United says that CEO Oscar Munoz won’t become the company’s chairman next year as previously planned—and possibly never will.
Munoz was widely criticized for repeatedly flubbing the PR response to a United passenger who was violently dragged off a packed flight to make room for United crew members.
He was set to become chairman of next year, but in a filing with US financial regulators on Friday (April 21) the airline said the move might never happen:
Munoz “desires to remove the provisions in the Employment Agreement related to the future appointment of Executive as Chairman of the Board, and to leave future determinations related to the Chairman position to the discretion of the Board, and the Board is willing to agree to such change.”
United Airlines’ chief executive started his week still on his apology tour, after David Dao was forcibly removed from the April 9 flight in Chicago. He had stumbled in a series of responses to the incident, most notably his first, in which his detached corporate-speak—“I apologize for having to re-accommodate these customers”—was roundly slammed as insensitive.

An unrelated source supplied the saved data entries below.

(* Consider smoothed W3DM-$(p,q)$ with parameter $n$, where each triple weight $w(T)$, $T\in[n]^3$, is drawn independently from a distribution with density $f_T:[0,1]\to[0,\phi]$. Then the expected maximum number of iterations of local search under the $(p,q)$-neighbourhood (over all initial matchings and all improving sequences) is $O(n^{6p+6}\phi)$.
   Context: W3DM-$(p,q)$: given $n$ and weights $w:[n]^3\to\mathbb R$, a 3-dimensional matching is a set $S\subseteq[n]^3$ of $n$ triples $(T_1,T_2,T_3)$ such that for each coordinate $k\in\{1,2,3\}$ and each $i\in[n]$ some $T\in S$ has $T_k=i$ (call coordinates 1,2,3 boys, girls, homes). Its weight is $\sum_{T\in S}w(T)$. The $(p,q)$-neighbours of $S$ are the matchings obtained by replacing at most $p$ triples of $S$ by the same number of other triples, such that at most $q$ boys or girls are relocated to new homes. A solution is a matching with no neighbour of strictly larger weight; local search repeatedly moves to a strictly better neighbour. *)

theory Defs
  imports "HOL-Probability.Probability"
begin

type_synonym triple = "nat \<times> nat \<times> nat"

text \<open>[n] is rendered as {0..<n}. Coordinates: boy = fst, girl = fst o snd, home = snd o snd.\<close>

definition triples :: "nat \<Rightarrow> triple set" where
  "triples n = {0..<n} \<times> {0..<n} \<times> {0..<n}"

definition is_3dm :: "nat \<Rightarrow> triple set \<Rightarrow> bool" where
  "is_3dm n S \<longleftrightarrow> S \<subseteq> triples n \<and> card S = n \<and>
     (\<forall>i<n. (\<exists>T\<in>S. fst T = i) \<and> (\<exists>T\<in>S. fst (snd T) = i) \<and> (\<exists>T\<in>S. snd (snd T) = i))"

definition matching_weight :: "(triple \<Rightarrow> real) \<Rightarrow> triple set \<Rightarrow> real" where
  "matching_weight w S = (\<Sum>T\<in>S. w T)"

definition relocated_boys :: "triple set \<Rightarrow> triple set \<Rightarrow> nat set" where
  "relocated_boys S S' = {b. \<exists>g h. (b, g, h) \<in> S' \<and> \<not> (\<exists>g'. (b, g', h) \<in> S)}"

definition relocated_girls :: "triple set \<Rightarrow> triple set \<Rightarrow> nat set" where
  "relocated_girls S S' = {g. \<exists>b h. (b, g, h) \<in> S' \<and> \<not> (\<exists>b'. (b', g, h) \<in> S)}"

Munoz later offered a message of remorse atop the company’s quarterly earnings release, before it unveiled that, yes, United is still making money:
The incident that took place aboard Flight 3411 has been a humbling experience, and I take full responsibility. This will prove to be a watershed moment for our company, and we are more determined than ever to put our customers at the center of everything we do.
So now it is clear that the moment was not only a watershed for United—which has pledged to become the best in US customer service—but the airline’s CEO as well.